Я закрыл глаза, чувствуя, как комок подкатывает к горлу.
— Пленник, — прошептал я в темноту. — Я здесь пленник.
В зеркале что-то дрогнуло. Тень отделилась от стекла и приняла более четкие очертания. Вася сидел, скрестив ноги, прямо в воздухе посреди комнаты, но его голос доносился все так же из зеркала.
— Эх, Геннадий Аркадьевич... Понимаю, ты в шоке. Серьезный такой, армейский мужык, а тут тебе — раз! — и весь твой мир кверху дном. Но слушай старого зеркального троля.
Его голос потерял обычную ехидцу и стал на удивление серьезным.
— Мы не такие, как нас малюют в ваших ужастиках или сказках. Ну, ладно, некоторые — такие, куда деваться. Но большинство... Мы просто другие. С особенностями. Как... ну, как люди в очках — одни близорукие, другие дальнозоркие. Только наши «очки» — это умение в Сумрак нырять, или шерсть отращивать, или со временем договариваться. Мы такие же, как вы. Со своими семьями, счетами за электричество и глупыми ссорами из-за того, чей мандрагор громче кричит.

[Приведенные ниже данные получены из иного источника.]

lemma norm_edge_boundary_term_one_approx:
  assumes "cmod b \<le> \<bar>\<eta>\<bar> / 2" "2 \<le> \<bar>\<eta>\<bar>"
  shows "cmod (edge_boundary_term \<gamma> \<eta> b 1 - 1 / (2 * of_real (\<eta>^2))) \<le> 1 / \<bar>\<eta>\<bar>^3"
proof -
  define E :: complex where "E = 2 * of_real (\<eta>^2)"
  have "\<eta> \<noteq> 0" using assms(2) by auto
  have norm_E: "cmod E = 2 * \<eta>^2" unfolding E_def by (simp add: norm_mult norm_power)
  have "2 * \<bar>\<eta>\<bar> \<le> \<eta>^2"
    using mult_right_mono[OF assms(2), of "\<bar>\<eta>\<bar>"] by (simp add: power2_eq_square abs_mult_self_eq)
  moreover have "cmod (E + 3 * b) \<ge> cmod E - cmod (3 * b)" by (rule norm_diff_ineq)
  moreover have "cmod (3 * b) \<le> 3 * (\<bar>\<eta>\<bar> / 2)" using assms(1) by (simp add: norm_mult)
  ultimately have norm_denom: "\<eta>^2 \<le> cmod (E + 3 * b)" using norm_E by linarith
  then have "E + 3 * b \<noteq> 0" "E \<noteq> 0" using \<open>\<eta> \<noteq> 0\<close> by (auto simp: E_def)
  have "edge_boundary_term \<gamma> \<eta> b 1 = 1 / (E + 3 * b)"
    unfolding edge_boundary_term_def edge_integrand_def edge_phase_def edge_phase_numer_def E_def by simp
  moreover have "1 / (E + 3 * b) - 1 / E = - (3 * b) / ((E + 3 * b) * E)"
    using \<open>E + 3 * b \<noteq> 0\<close> \<open>E \<noteq> 0\<close> by (simp add: field_simps)
  ultimately have "edge_boundary_term \<gamma> \<eta> b 1 - 1 / E = - (3 * b) / ((E + 3 * b) * E)" by simp
  then have "cmod (edge_boundary_term \<gamma> \<eta> b 1 - 1 / E) = cmod (3 * b) / (cmod (E + 3 * b) * (2 * \<eta>^2))"
    by (simp add: norm_divide norm_mult norm_E)
  also have "\<dots> \<le> (3 * (\<bar>\<eta>\<bar> / 2)) / (\<eta>^2 * (2 * \<eta>^2))"
    using assms(1) norm_denom \<open>\<eta> \<noteq> 0\<close> by (intro frac_le mult_mono) (auto simp: norm_mult)
  also have "\<dots> = (3 / 4) / \<bar>\<eta>\<bar>^3"
    using \<open>\<eta> \<noteq> 0\<close> by (simp add: field_simps power2_eq_square power3_eq_cube abs_mult_self_eq)
  also have "\<dots> \<le> 1 / \<bar>\<eta>\<bar>^3" by (intro divide_right_mono) auto
  finally show ?thesis unfolding E_def .
qed

lemma powr_neg_le_powr_abs:
  fixes r x \<gamma> :: real
  assumes "0 < r" "r \<le> x" "x \<le> 1"
  shows "x powr (- \<gamma>) \<le> r powr (- \<bar>\<gamma>\<bar>)"
proof (cases "\<gamma> \<ge> 0")
  case True
  then show ?thesis using assms by (simp add: powr_mono2')
next
  case False
  have "x powr (- \<gamma>) \<le> 1" using False assms by (intro powr_le1) auto
  moreover have "1 powr \<gamma> \<le> r powr \<gamma>" using False assms by (intro powr_mono2') auto
  ultimately show ?thesis using False by simp
qed

lemma powr_mult_exp_le_inverse:
  fixes s r \<gamma> c :: real
  assumes "0 < c" "1 \<le> s" "c * (\<bar>\<gamma>\<bar> + 1) \<le> s" "1 / s \<le> r" "r \<le> 1"
  shows "r powr (- \<bar>\<gamma>\<bar>) * exp (- (s^2 / c)) \<le> 1 / s"
proof -
  have "0 < s" using assms(2) by simp
  have "r powr (- \<bar>\<gamma>\<bar>) \<le> (1 / s) powr (- \<bar>\<gamma>\<bar>)"
    using assms \<open>0 < s\<close> by (intro powr_mono2') auto
  also have "\<dots> = s powr \<bar>\<gamma>\<bar>" using \<open>0 < s\<close> by (simp add: powr_minus_divide powr_divide)
  finally have "r powr (- \<bar>\<gamma>\<bar>) \<le> s powr \<bar>\<gamma>\<bar>" .
  have "(\<bar>\<gamma>\<bar> + 1) * ln s \<le> (\<bar>\<gamma>\<bar> + 1) * s"
    using ln_less_self[OF \<open>0 < s\<close>] by (intro mult_left_mono) auto
  also have "\<dots> \<le> s / c * s" using assms(1,3) \<open>0 < s\<close> by (intro mult_right_mono) (auto simp: field_simps)
  finally have "exp ((\<bar>\<gamma>\<bar> + 1) * ln s) \<le> exp (s^2 / c)" by (simp add: power2_eq_square)
  moreover have "s powr \<bar>\<gamma>\<bar> * s = exp ((\<bar>\<gamma>\<bar> + 1) * ln s)"
    using \<open>0 < s\<close> by (simp add: powr_def exp_add distrib_right)
  ultimately have "s powr \<bar>\<gamma>\<bar> * s \<le> exp (s^2 / c)" by simp
  then have "s powr \<bar>\<gamma>\<bar> * exp (- (s^2 / c)) \<le> 1 / s"
    using \<open>0 < s\<close> by (simp add: exp_minus field_simps)
  moreover have "r powr (- \<bar>\<gamma>\<bar>) * exp (- (s^2 / c)) \<le> s powr \<bar>\<gamma>\<bar> * exp (- (s^2 / c))"
    using \<open>r powr (- \<bar>\<gamma>\<bar>) \<le> s powr \<bar>\<gamma>\<bar>\<close> by (intro mult_right_mono) auto
  ultimately show ?thesis by linarith
qed

lemma has_integral_exp_decay:
  fixes l lo hi :: real
  assumes "0 < l" "lo \<le> hi"
  shows "((\<lambda>t. exp (- l * (hi - t))) has_integral (1 - exp (- l * (hi - lo))) / l) {lo..hi}"
proof -
  have "((\<lambda>t. exp (- l * (hi - t))) has_integral
          exp (- l * (hi - hi)) / l - exp (- l * (hi - lo)) / l) {lo..hi}"
  proof (rule fundamental_theorem_of_calculus[OF assms(2)])
    fix x assume "x \<in> {lo..hi}"
    have "((\<lambda>t. exp (- l * (hi - t)) / l) has_real_derivative
            exp (- l * (hi - x)) * (- l * (0 - 1)) / l) (at x)"
      by (auto intro!: derivative_eq_intros)
    then show "((\<lambda>t. exp (- l * (hi - t)) / l) has_vector_derivative exp (- l * (hi - x)))
                 (at x within {lo..hi})"
      using assms
      by (auto simp: has_real_derivative_iff_has_vector_derivative intro: has_vector_derivative_at_within)
  qed
  then show ?thesis by (simp add: diff_divide_distrib)
qed

lemma inverse_abs_mult_divide_square: "1 / \<bar>x\<bar> * (c / x^2) = c / \<bar>x\<bar>^3" for x c :: real
  by (simp add: power3_eq_cube power2_eq_square field_simps)

lemma norm_edge_integrand_le:
  assumes "cmod b \<le> \<bar>\<eta>\<bar> / 2" "0 < r" "r \<le> cmod \<tau>" "cmod \<tau> \<le> 1" "100 \<le> \<bar>\<eta>\<bar> * r^2"
    and "cmod (1 - \<tau>) / 25 \<le> Re ((1 - \<tau>) / \<tau>)"
  shows "cmod (edge_integrand \<gamma> \<eta> b \<tau>) \<le> r powr (- \<bar>\<gamma>\<bar>) * exp (- (\<eta>^2 * cmod (1 - \<tau>) / 20))"
proof -
  have "\<bar>\<eta>\<bar> * r^2 \<le> \<bar>\<eta>\<bar> * (cmod \<tau>)^2" using assms(2,3) by (intro mult_left_mono power_mono) auto
  then have "Re (edge_phase \<eta> b \<tau>) \<le> - (\<eta>^2 * cmod (1 - \<tau>) / 20)"
    using assms by (intro Re_edge_phase_le) auto
  moreover have "cmod \<tau> powr (- \<gamma>) \<le> r powr (- \<bar>\<gamma>\<bar>)" using assms(2-4) by (rule powr_neg_le_powr_abs)
  ultimately show ?thesis unfolding norm_edge_integrand by (intro mult_mono) auto
qed

section \<open>The contour Omega\<close>

definition kappa :: real where "kappa = 1 / (3 * sqrt 3)"

lemma kappa_bounds: "24/125 < kappa" "kappa < 193/1000" "kappa^2 = 1/27"
proof -
  have "1.73 < sqrt 3" by (rule real_less_rsqrt) (simp add: power2_eq_square)
  moreover have "sqrt 3 < 1.7321" by (rule real_less_lsqrt) (simp_all add: power2_eq_square)
  ultimately show "24/125 < kappa" "kappa < 193/1000" unfolding kappa_def by (simp_all add: field_simps)
  show "kappa^2 = 1/27" unfolding kappa_def by (simp add: power2_eq_square field_simps)
qed

lemma Omega_p1_eq: "Omega_p1 = Complex kappa (- 1/3)"
  unfolding Omega_p1_def kappa_def by simp

lemma Omega_p2_eq: "Omega_p2 = Complex (1 - kappa) (- 1/3)"
  unfolding Omega_p2_def kappa_def by simp

lemma Omega_path_first: "t \<le> 1/2 \<Longrightarrow> Omega_path t = of_real t * (2 * Omega_p1)"
  unfolding Omega_path_def joinpaths_def linepath_def by (simp add: scaleR_conv_of_real)

lemma Omega_path_second:
  assumes "1/2 \<le> t" "t \<le> 3/4"
  shows "Omega_path t = (3 * Omega_p1 - 2 * Omega_p2) + of_real t * (4 * (Omega_p2 - Omega_p1))"
proof (cases "t = 1/2")
  case False
  with assms have "\<not> t \<le> 1/2" "2 * t - 1 \<le> 1/2" by auto
  then show ?thesis
    unfolding Omega_path_def joinpaths_def linepath_def by (simp add: scaleR_conv_of_real algebra_simps)
next
  case True
  show ?thesis
    unfolding True Omega_path_def joinpaths_def linepath_def by (simp add: scaleR_conv_of_real algebra_simps)
qed

lemma Omega_path_third:
  assumes "3/4 \<le> t"
  shows "Omega_path t = (4 * Omega_p2 - 3) + of_real t * (4 * (1 - Omega_p2))"
proof (cases "t = 3/4")
  case False
  with assms have "\<not> t \<le> 1/2" "\<not> 2 * t - 1 \<le> 1/2" by auto
  then show ?thesis
    unfolding Omega_path_def joinpaths_def linepath_def by (simp add: scaleR_conv_of_real algebra_simps)
next
  case True
  show ?thesis
    unfolding True Omega_path_def joinpaths_def linepath_def by (simp add: scaleR_conv_of_real algebra_simps)
qed

lemma Re_one_minus_div_ge:
  assumes "\<tau> \<noteq> 0" "cmod \<tau> \<le> 1" "(cmod \<tau>)^2 \<le> Re \<tau>"
  shows "Re \<tau> - (cmod \<tau>)^2 \<le> Re ((1 - \<tau>) / \<tau>)"
proof -
  have "(Re \<tau> - (cmod \<tau>)^2) * (cmod \<tau>)^2 \<le> Re \<tau> - (cmod \<tau>)^2"
    using assms(2,3) by (intro mult_left_le) (auto simp: power_le_one)
  then show ?thesis using assms(1) by (simp add: Re_one_minus_div field_simps)
qed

Я медленно сел на кровати, вглядываясь в его размытые очертания.
— Вампиры... Оборотни... — выдавил я.
— А ты солдат! — парировал Вася. — И что? Всех под одну гребенку? Тот, кто вчера тебя в спину стрелял на учениях, и тот, кто тебя из огня вытаскивал — они одинаковые? Вот и тут так. Владимир Сергеевич, может, и вампир, но он последние пятьдесят лет на диете из томатного сока. А Степан... да, он в полнолуние бегает по лесу, зайцев пугает. Но в остальное время он лучший садовник и водитель в округе. И дом этот — не тюрьма. Он... убежище. От таких же, как ты, охотников за «нечистью». От любопытных. От мира, который не готов принять тех, кто шевелит ушами или разговаривает с растениями.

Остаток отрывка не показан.